What you should do =
Each line of the records below that holds "assumes" should be copied out.

Data for this exercise =
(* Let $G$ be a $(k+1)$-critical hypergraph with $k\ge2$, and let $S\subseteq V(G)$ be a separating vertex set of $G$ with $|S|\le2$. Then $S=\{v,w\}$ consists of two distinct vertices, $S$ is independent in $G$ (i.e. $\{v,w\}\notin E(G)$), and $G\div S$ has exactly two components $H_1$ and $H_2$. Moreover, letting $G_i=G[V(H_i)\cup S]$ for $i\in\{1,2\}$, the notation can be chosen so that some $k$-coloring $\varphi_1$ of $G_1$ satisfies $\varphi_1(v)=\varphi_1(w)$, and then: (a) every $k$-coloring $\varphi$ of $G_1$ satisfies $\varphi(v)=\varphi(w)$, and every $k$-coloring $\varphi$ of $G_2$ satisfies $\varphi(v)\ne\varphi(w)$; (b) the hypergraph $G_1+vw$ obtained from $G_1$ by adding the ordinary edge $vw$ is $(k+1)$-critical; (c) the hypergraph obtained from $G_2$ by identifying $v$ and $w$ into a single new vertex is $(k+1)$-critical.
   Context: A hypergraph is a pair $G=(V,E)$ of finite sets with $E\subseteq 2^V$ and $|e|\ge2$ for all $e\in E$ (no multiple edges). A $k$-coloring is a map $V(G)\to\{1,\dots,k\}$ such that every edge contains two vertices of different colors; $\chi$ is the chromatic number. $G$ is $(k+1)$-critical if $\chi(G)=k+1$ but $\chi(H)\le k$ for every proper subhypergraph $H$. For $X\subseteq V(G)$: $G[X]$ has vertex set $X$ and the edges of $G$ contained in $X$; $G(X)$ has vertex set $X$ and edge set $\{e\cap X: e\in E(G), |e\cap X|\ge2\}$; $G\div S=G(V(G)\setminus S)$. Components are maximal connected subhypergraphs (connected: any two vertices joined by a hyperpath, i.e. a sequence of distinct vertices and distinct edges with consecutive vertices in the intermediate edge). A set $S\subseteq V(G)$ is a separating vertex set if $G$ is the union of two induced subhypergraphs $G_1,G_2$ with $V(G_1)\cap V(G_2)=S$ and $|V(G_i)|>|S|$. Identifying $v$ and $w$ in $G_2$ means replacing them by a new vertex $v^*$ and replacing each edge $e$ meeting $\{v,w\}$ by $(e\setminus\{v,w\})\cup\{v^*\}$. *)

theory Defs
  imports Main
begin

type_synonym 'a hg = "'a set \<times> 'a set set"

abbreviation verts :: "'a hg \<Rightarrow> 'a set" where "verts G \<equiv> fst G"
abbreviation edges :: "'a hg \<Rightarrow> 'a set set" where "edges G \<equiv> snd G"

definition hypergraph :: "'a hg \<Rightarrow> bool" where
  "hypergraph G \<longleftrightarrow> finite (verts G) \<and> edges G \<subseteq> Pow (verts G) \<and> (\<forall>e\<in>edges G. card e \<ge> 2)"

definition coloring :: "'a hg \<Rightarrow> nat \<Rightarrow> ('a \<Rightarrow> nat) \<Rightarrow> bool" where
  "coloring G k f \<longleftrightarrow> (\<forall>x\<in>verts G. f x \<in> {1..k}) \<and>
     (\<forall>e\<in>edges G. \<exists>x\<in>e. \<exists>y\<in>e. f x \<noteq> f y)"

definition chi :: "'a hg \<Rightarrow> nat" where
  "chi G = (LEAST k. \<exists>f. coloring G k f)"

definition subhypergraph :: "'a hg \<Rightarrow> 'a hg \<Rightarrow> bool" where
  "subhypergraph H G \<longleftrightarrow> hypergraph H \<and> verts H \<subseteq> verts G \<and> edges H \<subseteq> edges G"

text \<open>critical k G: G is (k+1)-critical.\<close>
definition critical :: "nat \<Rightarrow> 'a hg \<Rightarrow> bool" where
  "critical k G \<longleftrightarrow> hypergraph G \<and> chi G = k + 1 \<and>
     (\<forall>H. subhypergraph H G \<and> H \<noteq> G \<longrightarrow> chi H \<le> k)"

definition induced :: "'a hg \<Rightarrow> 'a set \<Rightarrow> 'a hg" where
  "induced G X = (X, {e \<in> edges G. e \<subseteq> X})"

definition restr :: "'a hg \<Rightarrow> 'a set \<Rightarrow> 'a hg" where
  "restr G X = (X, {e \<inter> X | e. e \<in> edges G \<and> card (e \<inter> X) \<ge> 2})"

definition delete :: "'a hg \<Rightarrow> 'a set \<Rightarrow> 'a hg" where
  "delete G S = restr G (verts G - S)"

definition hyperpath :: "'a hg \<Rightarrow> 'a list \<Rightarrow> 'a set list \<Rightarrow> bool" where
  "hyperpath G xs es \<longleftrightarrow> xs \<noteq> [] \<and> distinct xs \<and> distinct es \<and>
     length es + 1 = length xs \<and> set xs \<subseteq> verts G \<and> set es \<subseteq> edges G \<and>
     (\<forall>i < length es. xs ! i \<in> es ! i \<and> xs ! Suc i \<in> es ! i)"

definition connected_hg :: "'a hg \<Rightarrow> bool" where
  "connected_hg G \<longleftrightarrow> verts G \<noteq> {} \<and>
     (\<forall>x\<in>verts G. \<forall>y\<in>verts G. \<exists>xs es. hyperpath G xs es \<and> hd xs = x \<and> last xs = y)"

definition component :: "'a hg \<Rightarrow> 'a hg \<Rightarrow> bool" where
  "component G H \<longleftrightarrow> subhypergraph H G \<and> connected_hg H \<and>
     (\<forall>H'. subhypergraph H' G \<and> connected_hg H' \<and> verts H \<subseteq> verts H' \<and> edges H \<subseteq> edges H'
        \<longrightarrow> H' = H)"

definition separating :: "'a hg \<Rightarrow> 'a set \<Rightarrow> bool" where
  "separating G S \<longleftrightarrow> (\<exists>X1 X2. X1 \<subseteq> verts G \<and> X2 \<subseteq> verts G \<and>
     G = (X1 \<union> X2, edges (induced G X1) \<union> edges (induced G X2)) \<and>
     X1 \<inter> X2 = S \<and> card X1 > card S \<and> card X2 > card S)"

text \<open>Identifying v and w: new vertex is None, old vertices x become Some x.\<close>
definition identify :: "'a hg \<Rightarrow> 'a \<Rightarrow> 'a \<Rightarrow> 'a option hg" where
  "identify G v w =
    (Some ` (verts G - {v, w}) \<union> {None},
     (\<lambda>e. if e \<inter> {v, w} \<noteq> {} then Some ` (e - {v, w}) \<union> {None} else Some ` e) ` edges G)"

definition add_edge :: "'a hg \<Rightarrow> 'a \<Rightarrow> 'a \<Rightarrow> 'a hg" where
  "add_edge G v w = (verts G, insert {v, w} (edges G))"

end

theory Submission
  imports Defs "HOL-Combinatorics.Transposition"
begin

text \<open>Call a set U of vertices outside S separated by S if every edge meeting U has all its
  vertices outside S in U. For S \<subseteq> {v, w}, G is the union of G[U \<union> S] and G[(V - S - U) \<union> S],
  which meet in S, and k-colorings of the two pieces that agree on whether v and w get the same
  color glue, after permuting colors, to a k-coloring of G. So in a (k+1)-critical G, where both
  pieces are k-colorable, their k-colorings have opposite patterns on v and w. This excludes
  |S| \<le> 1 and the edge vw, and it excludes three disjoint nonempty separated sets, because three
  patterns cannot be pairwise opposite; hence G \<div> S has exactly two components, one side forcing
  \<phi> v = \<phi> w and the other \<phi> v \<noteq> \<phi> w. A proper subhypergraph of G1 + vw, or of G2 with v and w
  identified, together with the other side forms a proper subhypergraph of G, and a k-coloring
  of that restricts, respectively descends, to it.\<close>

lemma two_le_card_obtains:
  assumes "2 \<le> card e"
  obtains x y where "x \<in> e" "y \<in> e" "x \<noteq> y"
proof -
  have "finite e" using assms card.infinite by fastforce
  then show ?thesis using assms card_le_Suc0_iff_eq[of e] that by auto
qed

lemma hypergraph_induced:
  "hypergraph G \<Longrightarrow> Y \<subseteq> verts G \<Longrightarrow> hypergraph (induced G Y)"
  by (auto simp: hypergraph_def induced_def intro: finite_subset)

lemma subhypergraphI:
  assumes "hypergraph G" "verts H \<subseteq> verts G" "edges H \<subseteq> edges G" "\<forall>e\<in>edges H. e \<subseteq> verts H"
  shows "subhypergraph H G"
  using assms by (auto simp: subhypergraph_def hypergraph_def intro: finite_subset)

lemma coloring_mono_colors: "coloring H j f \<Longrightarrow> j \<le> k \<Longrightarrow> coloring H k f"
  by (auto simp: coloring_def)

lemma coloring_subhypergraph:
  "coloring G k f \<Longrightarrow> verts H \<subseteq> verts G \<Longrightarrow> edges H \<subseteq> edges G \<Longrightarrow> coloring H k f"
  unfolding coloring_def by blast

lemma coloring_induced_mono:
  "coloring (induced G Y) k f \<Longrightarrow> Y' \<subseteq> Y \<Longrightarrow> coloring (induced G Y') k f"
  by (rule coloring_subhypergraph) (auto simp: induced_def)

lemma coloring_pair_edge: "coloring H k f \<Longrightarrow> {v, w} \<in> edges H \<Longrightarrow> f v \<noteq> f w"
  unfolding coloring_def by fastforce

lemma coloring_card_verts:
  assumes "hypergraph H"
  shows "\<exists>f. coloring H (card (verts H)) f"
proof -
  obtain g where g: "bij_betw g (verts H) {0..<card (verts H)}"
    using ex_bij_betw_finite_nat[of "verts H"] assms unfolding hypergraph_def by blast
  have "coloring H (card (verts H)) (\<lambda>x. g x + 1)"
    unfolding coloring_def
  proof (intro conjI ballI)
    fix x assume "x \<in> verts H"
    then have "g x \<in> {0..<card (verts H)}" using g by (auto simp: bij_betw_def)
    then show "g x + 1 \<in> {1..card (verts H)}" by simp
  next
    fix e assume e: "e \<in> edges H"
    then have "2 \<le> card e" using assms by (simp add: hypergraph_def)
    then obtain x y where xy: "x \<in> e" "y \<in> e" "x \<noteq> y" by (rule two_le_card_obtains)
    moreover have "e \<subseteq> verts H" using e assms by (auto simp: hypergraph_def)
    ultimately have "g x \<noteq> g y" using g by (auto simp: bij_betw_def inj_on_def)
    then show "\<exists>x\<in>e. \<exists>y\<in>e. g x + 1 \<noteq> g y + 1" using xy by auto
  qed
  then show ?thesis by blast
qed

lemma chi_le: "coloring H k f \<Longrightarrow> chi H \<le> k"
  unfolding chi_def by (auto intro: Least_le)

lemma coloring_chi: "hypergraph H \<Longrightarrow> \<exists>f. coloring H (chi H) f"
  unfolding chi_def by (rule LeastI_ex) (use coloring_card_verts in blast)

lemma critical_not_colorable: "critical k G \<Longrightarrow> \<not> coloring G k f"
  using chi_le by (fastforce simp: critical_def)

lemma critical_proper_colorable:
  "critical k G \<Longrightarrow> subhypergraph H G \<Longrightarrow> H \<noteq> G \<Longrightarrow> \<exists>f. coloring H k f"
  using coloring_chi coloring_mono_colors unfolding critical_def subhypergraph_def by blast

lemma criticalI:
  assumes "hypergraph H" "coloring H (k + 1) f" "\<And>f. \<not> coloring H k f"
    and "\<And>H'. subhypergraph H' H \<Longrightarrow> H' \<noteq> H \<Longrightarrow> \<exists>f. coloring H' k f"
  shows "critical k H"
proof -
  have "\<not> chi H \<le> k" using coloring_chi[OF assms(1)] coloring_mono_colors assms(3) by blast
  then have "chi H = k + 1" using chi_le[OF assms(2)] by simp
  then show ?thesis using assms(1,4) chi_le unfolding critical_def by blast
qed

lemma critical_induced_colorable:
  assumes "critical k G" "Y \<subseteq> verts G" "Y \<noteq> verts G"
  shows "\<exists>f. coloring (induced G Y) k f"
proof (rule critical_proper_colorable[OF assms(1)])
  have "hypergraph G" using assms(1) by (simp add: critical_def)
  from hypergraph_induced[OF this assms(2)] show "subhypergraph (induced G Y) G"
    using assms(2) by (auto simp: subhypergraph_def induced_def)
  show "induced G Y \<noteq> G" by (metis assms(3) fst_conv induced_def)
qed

Answer box =
  assumes "2 \<le> card e"
  assumes "hypergraph G" "verts H \<subseteq> verts G" "edges H \<subseteq> edges G" "\<forall>e\<in>edges H. e \<subseteq> verts H"
  assumes "hypergraph H"
  assumes "hypergraph H" "coloring H (k + 1) f" "\<And>f. \<not> coloring H k f"
  assumes "critical k G" "Y \<subseteq> verts G" "Y \<noteq> verts G"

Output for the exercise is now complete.